A single number is the answer: the count of lines in the records that hold the word "indepS".
▼
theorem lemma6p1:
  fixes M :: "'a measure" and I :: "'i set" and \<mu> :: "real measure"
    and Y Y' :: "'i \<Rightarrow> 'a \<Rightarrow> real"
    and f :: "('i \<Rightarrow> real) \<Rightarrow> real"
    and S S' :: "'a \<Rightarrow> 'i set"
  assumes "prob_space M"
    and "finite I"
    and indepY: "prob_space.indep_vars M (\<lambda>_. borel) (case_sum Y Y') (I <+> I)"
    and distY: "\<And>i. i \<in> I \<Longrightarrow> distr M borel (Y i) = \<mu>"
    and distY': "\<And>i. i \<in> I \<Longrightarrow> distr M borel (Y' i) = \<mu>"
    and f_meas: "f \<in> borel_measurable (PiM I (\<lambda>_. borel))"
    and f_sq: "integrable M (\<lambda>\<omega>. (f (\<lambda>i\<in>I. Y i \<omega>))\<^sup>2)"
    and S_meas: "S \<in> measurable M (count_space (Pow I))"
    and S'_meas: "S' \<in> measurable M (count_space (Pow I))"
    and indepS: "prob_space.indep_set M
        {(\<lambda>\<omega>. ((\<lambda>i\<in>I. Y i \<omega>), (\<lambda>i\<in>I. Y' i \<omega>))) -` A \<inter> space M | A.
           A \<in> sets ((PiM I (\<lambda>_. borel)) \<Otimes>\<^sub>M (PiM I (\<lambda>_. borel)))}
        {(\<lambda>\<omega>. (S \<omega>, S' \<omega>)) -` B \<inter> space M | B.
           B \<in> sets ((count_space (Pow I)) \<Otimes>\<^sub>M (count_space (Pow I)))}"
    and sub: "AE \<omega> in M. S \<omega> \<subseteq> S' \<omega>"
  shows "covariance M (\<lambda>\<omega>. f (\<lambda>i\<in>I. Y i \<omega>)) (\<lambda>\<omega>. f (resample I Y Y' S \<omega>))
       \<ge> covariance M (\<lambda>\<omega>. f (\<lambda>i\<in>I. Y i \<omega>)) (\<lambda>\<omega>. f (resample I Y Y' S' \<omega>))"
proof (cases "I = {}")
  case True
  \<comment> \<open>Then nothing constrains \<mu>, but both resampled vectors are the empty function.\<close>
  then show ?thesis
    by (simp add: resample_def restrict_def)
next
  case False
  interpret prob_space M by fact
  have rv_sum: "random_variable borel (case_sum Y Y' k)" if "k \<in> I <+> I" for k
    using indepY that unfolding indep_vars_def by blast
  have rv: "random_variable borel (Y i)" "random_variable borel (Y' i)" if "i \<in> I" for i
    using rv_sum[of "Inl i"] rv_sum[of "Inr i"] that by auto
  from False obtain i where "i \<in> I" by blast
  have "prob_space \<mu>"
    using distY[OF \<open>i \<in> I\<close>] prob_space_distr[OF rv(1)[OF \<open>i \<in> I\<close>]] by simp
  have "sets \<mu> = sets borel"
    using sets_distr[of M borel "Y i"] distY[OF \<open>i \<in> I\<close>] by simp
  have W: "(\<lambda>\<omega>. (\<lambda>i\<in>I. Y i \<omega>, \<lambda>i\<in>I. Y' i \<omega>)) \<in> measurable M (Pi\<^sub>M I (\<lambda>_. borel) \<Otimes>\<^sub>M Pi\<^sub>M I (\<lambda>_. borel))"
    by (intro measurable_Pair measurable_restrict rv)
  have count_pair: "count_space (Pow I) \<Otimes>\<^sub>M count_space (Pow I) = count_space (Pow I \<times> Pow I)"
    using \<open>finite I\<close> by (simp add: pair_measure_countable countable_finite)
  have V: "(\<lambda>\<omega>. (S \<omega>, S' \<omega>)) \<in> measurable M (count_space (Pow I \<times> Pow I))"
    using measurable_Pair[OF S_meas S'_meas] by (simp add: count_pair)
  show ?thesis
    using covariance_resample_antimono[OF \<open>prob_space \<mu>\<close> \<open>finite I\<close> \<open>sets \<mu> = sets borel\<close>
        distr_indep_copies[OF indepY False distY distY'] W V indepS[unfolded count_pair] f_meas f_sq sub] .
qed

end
▲
▼
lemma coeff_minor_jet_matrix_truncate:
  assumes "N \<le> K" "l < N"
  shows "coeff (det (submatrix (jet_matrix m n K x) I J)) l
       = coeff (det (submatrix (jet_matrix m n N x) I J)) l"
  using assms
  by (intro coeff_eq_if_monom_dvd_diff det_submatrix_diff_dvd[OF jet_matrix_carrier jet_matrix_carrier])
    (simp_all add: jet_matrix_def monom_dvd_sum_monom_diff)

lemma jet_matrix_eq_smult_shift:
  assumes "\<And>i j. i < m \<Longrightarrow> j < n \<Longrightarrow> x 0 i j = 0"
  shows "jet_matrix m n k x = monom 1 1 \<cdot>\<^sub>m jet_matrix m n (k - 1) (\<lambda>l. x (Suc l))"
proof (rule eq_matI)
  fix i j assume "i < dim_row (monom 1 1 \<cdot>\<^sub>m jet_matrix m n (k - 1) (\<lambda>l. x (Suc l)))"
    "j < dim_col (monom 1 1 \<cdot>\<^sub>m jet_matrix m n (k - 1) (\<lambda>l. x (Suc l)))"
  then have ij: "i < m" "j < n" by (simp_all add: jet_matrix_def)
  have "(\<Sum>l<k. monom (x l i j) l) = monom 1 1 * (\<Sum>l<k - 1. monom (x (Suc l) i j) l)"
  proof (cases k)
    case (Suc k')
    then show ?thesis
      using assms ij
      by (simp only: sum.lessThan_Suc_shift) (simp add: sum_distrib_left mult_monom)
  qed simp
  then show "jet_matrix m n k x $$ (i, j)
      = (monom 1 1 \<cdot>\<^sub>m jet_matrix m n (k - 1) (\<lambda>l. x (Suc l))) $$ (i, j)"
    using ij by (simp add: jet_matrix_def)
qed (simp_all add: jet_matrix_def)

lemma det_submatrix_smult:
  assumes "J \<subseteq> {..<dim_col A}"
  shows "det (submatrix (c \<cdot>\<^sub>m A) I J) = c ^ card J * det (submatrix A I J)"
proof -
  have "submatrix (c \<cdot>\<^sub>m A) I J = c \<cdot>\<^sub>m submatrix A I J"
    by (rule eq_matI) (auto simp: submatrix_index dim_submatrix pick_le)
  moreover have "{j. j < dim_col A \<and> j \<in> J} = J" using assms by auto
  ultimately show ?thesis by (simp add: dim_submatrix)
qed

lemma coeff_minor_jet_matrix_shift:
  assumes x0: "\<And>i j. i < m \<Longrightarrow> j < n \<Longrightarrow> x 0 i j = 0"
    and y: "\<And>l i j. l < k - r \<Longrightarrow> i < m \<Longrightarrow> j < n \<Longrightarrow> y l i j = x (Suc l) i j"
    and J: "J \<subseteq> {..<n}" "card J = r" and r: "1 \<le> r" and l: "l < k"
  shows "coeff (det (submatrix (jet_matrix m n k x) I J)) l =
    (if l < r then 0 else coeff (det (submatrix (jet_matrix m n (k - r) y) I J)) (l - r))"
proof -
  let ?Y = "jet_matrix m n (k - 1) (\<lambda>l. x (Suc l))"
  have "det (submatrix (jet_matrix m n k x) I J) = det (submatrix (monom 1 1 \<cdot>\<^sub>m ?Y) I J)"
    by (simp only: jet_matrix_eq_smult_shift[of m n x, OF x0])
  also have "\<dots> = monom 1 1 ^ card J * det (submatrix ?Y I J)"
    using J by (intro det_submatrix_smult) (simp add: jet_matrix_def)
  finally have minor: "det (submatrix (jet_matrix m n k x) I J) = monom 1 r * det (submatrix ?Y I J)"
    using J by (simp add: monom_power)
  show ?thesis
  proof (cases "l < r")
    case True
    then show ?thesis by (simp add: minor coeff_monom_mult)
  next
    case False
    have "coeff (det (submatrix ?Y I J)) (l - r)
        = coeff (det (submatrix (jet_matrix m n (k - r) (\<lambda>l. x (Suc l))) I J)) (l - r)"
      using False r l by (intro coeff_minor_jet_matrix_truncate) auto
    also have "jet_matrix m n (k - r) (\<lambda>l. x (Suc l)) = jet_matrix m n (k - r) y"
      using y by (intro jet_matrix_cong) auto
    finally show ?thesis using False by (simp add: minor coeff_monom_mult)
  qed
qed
▲
▼
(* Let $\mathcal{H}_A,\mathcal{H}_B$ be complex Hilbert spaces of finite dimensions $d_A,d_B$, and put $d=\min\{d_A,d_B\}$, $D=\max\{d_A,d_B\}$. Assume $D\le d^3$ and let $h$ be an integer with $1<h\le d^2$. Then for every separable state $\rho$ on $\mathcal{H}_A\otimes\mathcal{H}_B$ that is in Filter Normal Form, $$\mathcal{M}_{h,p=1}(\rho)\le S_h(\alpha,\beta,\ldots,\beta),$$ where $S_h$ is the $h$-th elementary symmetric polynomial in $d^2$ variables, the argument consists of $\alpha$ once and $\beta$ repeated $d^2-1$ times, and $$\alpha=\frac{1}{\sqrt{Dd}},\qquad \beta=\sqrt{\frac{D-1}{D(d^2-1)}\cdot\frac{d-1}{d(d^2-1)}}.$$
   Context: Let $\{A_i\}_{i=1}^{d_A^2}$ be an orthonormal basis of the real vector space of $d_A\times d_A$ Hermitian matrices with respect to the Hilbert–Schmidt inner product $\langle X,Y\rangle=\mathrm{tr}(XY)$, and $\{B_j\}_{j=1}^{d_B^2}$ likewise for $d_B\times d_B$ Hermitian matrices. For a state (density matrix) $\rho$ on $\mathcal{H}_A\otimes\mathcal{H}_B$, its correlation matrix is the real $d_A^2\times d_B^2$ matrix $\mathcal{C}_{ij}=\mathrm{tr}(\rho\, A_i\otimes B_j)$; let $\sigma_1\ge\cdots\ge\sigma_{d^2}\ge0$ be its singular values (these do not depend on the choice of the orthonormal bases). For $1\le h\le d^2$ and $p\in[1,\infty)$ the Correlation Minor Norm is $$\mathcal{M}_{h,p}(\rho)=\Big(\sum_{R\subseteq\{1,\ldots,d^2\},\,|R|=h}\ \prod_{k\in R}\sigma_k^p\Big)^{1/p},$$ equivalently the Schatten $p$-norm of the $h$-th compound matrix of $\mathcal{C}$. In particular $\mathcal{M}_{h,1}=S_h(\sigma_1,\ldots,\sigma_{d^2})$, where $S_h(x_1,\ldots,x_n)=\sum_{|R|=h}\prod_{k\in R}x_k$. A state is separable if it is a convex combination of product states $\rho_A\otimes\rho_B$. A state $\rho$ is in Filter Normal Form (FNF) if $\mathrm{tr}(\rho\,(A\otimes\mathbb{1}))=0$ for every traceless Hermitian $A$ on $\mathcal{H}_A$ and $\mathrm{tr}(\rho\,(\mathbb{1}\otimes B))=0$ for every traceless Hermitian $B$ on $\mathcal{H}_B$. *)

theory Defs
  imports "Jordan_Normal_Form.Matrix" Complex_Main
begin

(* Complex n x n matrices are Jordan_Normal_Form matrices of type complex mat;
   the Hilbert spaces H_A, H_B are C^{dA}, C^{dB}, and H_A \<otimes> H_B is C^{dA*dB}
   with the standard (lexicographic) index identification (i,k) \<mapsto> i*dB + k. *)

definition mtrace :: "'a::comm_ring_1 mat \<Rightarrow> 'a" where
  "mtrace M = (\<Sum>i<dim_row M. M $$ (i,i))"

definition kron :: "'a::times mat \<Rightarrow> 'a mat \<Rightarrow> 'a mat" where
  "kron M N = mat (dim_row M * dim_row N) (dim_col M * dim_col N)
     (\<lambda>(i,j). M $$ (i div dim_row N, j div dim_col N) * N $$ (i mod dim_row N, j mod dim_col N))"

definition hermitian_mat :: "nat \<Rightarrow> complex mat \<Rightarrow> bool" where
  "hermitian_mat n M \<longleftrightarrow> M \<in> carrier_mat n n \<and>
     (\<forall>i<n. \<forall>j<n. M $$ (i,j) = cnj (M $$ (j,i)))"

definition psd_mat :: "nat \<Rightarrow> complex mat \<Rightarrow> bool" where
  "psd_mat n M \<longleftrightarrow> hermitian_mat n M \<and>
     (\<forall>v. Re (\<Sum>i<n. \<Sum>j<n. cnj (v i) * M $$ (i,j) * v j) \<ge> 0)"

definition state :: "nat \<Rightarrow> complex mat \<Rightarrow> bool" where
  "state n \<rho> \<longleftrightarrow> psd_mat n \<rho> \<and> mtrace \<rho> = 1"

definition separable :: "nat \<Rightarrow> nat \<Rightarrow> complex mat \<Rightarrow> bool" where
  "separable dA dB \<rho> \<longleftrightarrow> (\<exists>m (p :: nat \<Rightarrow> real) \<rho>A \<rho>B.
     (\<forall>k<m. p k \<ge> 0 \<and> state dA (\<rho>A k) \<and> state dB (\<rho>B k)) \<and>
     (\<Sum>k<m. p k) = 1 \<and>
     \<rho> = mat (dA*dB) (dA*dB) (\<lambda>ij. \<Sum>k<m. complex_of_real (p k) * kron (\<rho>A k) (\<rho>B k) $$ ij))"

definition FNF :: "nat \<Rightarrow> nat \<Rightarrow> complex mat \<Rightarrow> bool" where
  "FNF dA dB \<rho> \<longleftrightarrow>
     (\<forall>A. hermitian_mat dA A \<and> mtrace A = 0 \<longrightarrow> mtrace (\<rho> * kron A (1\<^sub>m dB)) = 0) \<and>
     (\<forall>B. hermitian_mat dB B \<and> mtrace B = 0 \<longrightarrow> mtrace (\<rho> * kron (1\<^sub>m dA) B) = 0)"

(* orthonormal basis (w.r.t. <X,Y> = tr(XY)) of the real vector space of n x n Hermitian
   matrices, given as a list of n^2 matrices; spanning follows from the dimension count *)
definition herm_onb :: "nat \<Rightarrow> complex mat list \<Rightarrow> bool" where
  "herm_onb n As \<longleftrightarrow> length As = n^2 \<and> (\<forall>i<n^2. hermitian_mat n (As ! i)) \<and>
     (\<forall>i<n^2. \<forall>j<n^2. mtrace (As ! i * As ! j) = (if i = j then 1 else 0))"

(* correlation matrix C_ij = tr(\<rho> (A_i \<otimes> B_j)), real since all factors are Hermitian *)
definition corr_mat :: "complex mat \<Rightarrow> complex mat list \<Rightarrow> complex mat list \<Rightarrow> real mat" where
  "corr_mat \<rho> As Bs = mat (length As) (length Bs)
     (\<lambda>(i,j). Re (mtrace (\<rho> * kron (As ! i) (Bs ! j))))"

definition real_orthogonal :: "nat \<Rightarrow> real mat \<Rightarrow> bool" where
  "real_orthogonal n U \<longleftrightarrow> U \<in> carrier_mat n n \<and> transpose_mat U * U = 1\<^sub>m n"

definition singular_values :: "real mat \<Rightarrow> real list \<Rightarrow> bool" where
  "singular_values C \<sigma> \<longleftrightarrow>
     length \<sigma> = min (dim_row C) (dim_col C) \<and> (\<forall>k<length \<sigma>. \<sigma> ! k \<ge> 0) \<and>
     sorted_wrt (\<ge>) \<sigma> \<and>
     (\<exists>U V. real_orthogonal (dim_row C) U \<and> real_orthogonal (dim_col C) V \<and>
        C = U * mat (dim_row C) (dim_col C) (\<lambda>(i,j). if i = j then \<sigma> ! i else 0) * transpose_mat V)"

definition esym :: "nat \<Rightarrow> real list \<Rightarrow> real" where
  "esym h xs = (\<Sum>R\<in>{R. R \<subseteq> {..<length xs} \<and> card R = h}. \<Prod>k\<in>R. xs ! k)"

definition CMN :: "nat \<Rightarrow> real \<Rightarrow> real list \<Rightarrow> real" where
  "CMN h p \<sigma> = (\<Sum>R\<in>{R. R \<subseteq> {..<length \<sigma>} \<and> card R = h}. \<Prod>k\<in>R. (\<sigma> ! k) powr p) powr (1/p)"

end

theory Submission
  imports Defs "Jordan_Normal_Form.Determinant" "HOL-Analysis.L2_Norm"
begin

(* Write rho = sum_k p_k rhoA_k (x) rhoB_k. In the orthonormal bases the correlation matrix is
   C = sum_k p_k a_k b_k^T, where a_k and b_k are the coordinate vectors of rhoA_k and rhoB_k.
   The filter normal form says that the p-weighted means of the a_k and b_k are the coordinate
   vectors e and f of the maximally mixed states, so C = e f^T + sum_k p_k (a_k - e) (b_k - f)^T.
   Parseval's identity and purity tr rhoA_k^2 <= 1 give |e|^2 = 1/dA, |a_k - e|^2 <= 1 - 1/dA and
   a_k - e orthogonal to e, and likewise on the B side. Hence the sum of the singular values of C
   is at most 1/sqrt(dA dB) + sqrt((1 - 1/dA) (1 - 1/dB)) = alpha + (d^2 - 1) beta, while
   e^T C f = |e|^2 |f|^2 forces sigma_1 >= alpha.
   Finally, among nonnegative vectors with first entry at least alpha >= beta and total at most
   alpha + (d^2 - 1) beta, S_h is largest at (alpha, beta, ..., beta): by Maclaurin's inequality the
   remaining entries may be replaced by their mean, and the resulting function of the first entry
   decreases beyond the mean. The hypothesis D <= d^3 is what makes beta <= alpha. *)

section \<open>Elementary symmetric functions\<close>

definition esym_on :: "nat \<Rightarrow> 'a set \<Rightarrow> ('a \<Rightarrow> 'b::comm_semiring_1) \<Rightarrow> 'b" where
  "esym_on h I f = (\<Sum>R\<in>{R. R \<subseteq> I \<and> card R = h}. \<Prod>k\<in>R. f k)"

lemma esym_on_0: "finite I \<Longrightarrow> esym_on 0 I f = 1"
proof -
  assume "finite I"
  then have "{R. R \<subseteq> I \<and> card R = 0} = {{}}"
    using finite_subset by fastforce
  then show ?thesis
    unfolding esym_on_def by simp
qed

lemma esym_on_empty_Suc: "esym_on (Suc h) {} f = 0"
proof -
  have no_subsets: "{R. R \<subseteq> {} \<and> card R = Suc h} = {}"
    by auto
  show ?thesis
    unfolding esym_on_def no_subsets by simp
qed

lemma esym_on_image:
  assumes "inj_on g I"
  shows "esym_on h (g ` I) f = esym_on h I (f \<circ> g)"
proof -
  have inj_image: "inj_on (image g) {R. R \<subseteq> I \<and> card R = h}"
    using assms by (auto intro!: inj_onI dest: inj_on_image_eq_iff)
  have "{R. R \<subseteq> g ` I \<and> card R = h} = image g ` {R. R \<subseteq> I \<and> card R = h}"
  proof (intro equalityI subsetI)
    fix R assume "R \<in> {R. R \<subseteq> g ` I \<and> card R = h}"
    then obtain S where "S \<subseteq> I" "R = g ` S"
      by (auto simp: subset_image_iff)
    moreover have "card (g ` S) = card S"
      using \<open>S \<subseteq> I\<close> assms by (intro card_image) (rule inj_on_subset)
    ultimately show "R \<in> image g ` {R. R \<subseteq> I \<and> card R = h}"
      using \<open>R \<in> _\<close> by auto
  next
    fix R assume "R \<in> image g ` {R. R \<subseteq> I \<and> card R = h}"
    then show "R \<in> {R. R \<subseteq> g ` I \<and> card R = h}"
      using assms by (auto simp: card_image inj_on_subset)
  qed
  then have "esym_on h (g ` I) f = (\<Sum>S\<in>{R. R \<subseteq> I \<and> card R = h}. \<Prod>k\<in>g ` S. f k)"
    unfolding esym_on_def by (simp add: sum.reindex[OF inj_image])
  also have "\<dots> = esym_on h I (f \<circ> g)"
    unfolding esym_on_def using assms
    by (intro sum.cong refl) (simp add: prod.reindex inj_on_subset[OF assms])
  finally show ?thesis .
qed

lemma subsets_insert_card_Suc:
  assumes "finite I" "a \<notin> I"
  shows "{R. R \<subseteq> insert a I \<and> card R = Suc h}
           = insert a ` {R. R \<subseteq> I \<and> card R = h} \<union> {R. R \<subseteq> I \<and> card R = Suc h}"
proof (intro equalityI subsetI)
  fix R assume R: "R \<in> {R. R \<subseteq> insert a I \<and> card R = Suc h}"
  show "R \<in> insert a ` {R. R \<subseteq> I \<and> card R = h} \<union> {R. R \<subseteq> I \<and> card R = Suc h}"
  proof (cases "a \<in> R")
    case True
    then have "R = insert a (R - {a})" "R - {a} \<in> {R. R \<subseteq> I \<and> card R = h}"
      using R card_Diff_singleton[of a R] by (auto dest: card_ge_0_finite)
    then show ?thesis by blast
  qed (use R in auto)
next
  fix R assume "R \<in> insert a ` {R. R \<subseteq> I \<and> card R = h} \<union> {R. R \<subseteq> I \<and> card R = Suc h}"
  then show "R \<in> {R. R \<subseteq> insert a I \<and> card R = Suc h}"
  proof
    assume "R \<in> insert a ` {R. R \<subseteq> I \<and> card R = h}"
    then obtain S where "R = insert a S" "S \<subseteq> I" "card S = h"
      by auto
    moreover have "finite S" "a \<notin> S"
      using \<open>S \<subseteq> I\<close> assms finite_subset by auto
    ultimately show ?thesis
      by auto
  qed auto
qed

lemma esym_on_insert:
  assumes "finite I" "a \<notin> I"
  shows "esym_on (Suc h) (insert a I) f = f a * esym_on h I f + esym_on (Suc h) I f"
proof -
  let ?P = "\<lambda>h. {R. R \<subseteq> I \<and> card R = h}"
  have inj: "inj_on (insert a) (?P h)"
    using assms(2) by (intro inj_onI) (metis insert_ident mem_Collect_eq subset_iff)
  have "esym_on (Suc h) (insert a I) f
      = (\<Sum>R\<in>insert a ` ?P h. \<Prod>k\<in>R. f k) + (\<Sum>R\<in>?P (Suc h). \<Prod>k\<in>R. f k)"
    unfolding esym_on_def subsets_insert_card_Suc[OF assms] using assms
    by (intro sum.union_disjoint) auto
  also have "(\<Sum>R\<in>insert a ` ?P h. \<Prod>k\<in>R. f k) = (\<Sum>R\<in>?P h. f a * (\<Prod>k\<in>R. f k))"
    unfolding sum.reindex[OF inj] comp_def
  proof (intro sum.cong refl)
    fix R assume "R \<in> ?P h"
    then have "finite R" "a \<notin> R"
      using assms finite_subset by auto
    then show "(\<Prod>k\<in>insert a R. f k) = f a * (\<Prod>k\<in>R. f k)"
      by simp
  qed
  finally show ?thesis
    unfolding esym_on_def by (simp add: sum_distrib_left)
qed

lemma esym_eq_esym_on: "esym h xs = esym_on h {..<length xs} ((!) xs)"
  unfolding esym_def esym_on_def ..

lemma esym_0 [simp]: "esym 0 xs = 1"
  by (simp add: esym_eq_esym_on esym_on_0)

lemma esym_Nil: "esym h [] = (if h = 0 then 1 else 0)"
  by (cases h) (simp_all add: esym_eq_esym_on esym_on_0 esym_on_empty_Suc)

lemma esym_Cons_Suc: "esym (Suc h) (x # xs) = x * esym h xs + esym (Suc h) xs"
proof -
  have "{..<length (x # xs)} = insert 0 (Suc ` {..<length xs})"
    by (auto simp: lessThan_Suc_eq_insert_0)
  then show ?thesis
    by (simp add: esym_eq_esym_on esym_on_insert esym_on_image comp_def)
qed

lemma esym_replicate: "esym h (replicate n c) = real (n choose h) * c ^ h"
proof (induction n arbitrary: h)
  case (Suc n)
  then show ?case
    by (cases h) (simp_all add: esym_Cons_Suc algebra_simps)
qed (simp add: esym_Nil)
▲
* **Written response**: 2